Here are some ways you can prevent bone loss:
- Do weight-bearing exercises. Weight-bearing exercises are activities that move against gravity. Yoga, hiking, and strength training exercises (free weights, elastic bands, or machines) are all effective at maintaining bone density.
- Try high-impact exercises. Running, jumping rope, tennis, and dancing are high-impact exercises which increase bone strength. Discuss this type of exercise with your healthcare practitioner before you start—if you've already lost some bone density, you need to be extra careful.

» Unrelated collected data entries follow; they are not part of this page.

(* Let $m$ and $n$ be positive integers with $n$ composite, and suppose that (i) $n$ is squarefree, and (ii) for every prime divisor $p$ of $n$ and every integer $r$ with $1\le r\le m$ there is an integer $i\ge 0$ such that $n\equiv p^i \pmod{p^r-1}$. Then for every integer $r$ with $1\le r\le m$ we have $\binom{n}{r}\equiv 0 \pmod n$. *)

theory Defs
  imports "HOL-Computational_Algebra.Computational_Algebra" "HOL-Number_Theory.Number_Theory"
begin

end

theory Submission
  imports Defs
begin

text \<open>
  Every prime factor \<open>q\<close> of \<open>n\<close> exceeds \<open>m\<close>: otherwise take a second prime factor \<open>p\<close>
  (one exists since \<open>n\<close> is squarefree and composite) and apply the hypothesis with
  \<open>r = q - 1\<close>. By Fermat, \<open>q\<close> divides \<open>p ^ (q - 1) - 1\<close>, so \<open>0 = n = p ^ i\<close> modulo \<open>q\<close>,
  which is absurd. Hence for \<open>1 \<le> r \<le> m\<close> no prime factor \<open>q\<close> of \<open>n\<close> divides \<open>r\<close>, and the
  identity \<open>r * (n choose r) = n * (n - 1 choose r - 1)\<close> gives \<open>q dvd (n choose r)\<close>.
  Since \<open>n\<close> is squarefree, it divides \<open>n choose r\<close>.
\<close>

lemma squarefree_dvd_if_prime_factors_dvd:
  fixes n x :: "'a :: factorial_semiring"
  assumes "squarefree n" and "\<And>p. prime p \<Longrightarrow> p dvd n \<Longrightarrow> p dvd x"
  shows "n dvd x"
proof (cases "x = 0")
  case False
  have "n \<noteq> 0" using assms(1) by auto
  have "multiplicity p n \<le> multiplicity p x" if p: "prime p" for p
  proof (cases "p dvd n")
    case True
    have "multiplicity p n \<le> 1"
      using assms(1) \<open>n \<noteq> 0\<close> p squarefree_factorial_semiring'' by blast
    moreover have "1 \<le> multiplicity p x"
      using assms(2)[OF p True] False p by (intro multiplicity_geI) auto
    ultimately show ?thesis by linarith
  next
    case False
    then show ?thesis by (simp add: not_dvd_imp_multiplicity_0)
  qed
  then show ?thesis using \<open>n \<noteq> 0\<close> False prime_multiplicity_le_imp_dvd by blast
qed simp

lemma prime_dvd_choose_if_not_dvd:
  fixes q n r :: nat
  assumes "prime q" and "q dvd n" and "\<not> q dvd r"
  shows "q dvd (n choose r)"
proof -
  have "r > 0" using assms(3) by (cases r) simp_all
  then have "r * (n choose r) = n * ((n - 1) choose (r - 1))"
    by (rule times_binomial_minus1_eq)
  then have "q dvd r * (n choose r)" using assms(2) by simp
  then show ?thesis using assms(1,3) prime_dvd_mult_nat by blast
qed

lemma squarefree_composite_other_prime_factor:
  fixes n q :: nat
  assumes "squarefree n" and "n > 1" and "\<not> prime n" and "prime q" and "q dvd n"
  obtains p where "prime p" and "p dvd n" and "p \<noteq> q"
proof -
  obtain k where k: "n = q * k" using assms(5) by blast
  have "k \<noteq> 1" using k assms(3,4) by auto
  moreover have "k \<noteq> 0" using k assms(2) by (metis mult_0_right not_one_less_zero)
  ultimately obtain p where p: "prime p" "p dvd k" using prime_factor_nat by blast
  have "p \<noteq> q"
  proof
    assume "p = q"
    then have "q ^ 2 dvd n" using k p(2) by (auto simp: power2_eq_square)
    then have "q dvd 1" using assms(1) squarefreeD by blast
    then show False using assms(4) by simp
  qed
  then show ?thesis using that p k by simp
qed

lemma not_dvd_if_cong_prime_power:
  fixes n p q i :: nat
  assumes "prime p" and "prime q" and "p \<noteq> q" and "[n = p ^ i] (mod (p ^ (q - 1) - 1))"
  shows "\<not> q dvd n"
proof
  assume "q dvd n"
  have "\<not> q dvd p" using assms(1-3) primes_dvd_imp_eq by blast
  then have "[p ^ (q - 1) = 1] (mod q)" using fermat_theorem assms(2) by blast
  then have "q dvd p ^ (q - 1) - 1" by (rule cong_to_1_nat)
  then have "[n = p ^ i] (mod q)" using assms(4) cong_dvd_modulus_nat by blast
  then have "q dvd p ^ i" using \<open>q dvd n\<close> cong_dvd_iff by blast
  then show False using \<open>\<not> q dvd p\<close> assms(2) prime_dvd_power_nat by blast
qed

theorem lemma2:
  fixes m n :: nat
  assumes "m > 0" and "n > 1" and "\<not> prime n"
    and "squarefree n"
    and "\<And>p r. prime p \<Longrightarrow> p dvd n \<Longrightarrow> 1 \<le> r \<Longrightarrow> r \<le> m \<Longrightarrow>
           \<exists>i::nat. [n = p ^ i] (mod (p ^ r - 1))"
  shows "\<forall>r. 1 \<le> r \<and> r \<le> m \<longrightarrow> [n choose r = 0] (mod n)"
proof (intro allI impI)
  fix r assume r: "1 \<le> r \<and> r \<le> m"
  have prime_factor_gt: "q > m" if q: "prime q" "q dvd n" for q
  proof (rule ccontr)
    assume "\<not> q > m"
    moreover have "q \<ge> 2" using q(1) prime_ge_2_nat by blast
    ultimately have "1 \<le> q - 1" and "q - 1 \<le> m" by auto
    obtain p where p: "prime p" "p dvd n" "p \<noteq> q"
      using squarefree_composite_other_prime_factor assms(2-4) q by blast
    obtain i where "[n = p ^ i] (mod (p ^ (q - 1) - 1))"
      using assms(5)[OF p(1,2) \<open>1 \<le> q - 1\<close> \<open>q - 1 \<le> m\<close>] by blast
    then show False using not_dvd_if_cong_prime_power p q by blast
  qed
  have "q dvd (n choose r)" if q: "prime q" "q dvd n" for q
  proof (rule prime_dvd_choose_if_not_dvd[OF q])
    show "\<not> q dvd r" using prime_factor_gt[OF q] r by (intro nat_dvd_not_less) auto
  qed
  then show "[n choose r = 0] (mod n)"
    using squarefree_dvd_if_prime_factors_dvd assms(4) by (auto simp: cong_0_iff)
qed

end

- Quit smoking. Smoking triggers bone demineralization, which can weaken bones and accelerate the development of osteoporosis.
- Choose foods that support bone health. Certain minerals play a key role in maintaining bone health. If you cannot get sufficient amounts of minerals through food alone, talk with your healthcare provider to see if dietary supplements may be needed.
- Calcium: Most adults need approximately 1,000-1,200 milligrams of calcium each day. Good food sources of calcium include dairy products (milk, yogurt, cheese, cottage cheese) and green leafy vegetables (kale, collard greens, spinach).
- Vitamin D: It is recommended that most adults get 15-20 micrograms (600-800 IU) of vitamin D each day. Foods that are high in vitamin D include milk, cod liver oil, fish (trout, salmon, tuna), and fortified orange juice. Your body can also make vitamin D when the skin is exposed to sunlight for 5 to 30 minutes.
- Magnesium: Most adults need around 400 milligrams of magnesium each day. Good sources include wheat bran, pumpkin seeds, chia seeds, coconut milk, avocado, edamame, and quinoa.
Making lifestyle adjustments to preserve bone density can reduce your risk of developing osteoporosis and related bone disorders. The good news is that small changes like these can also have a positive impact on many other areas of your wellbeing.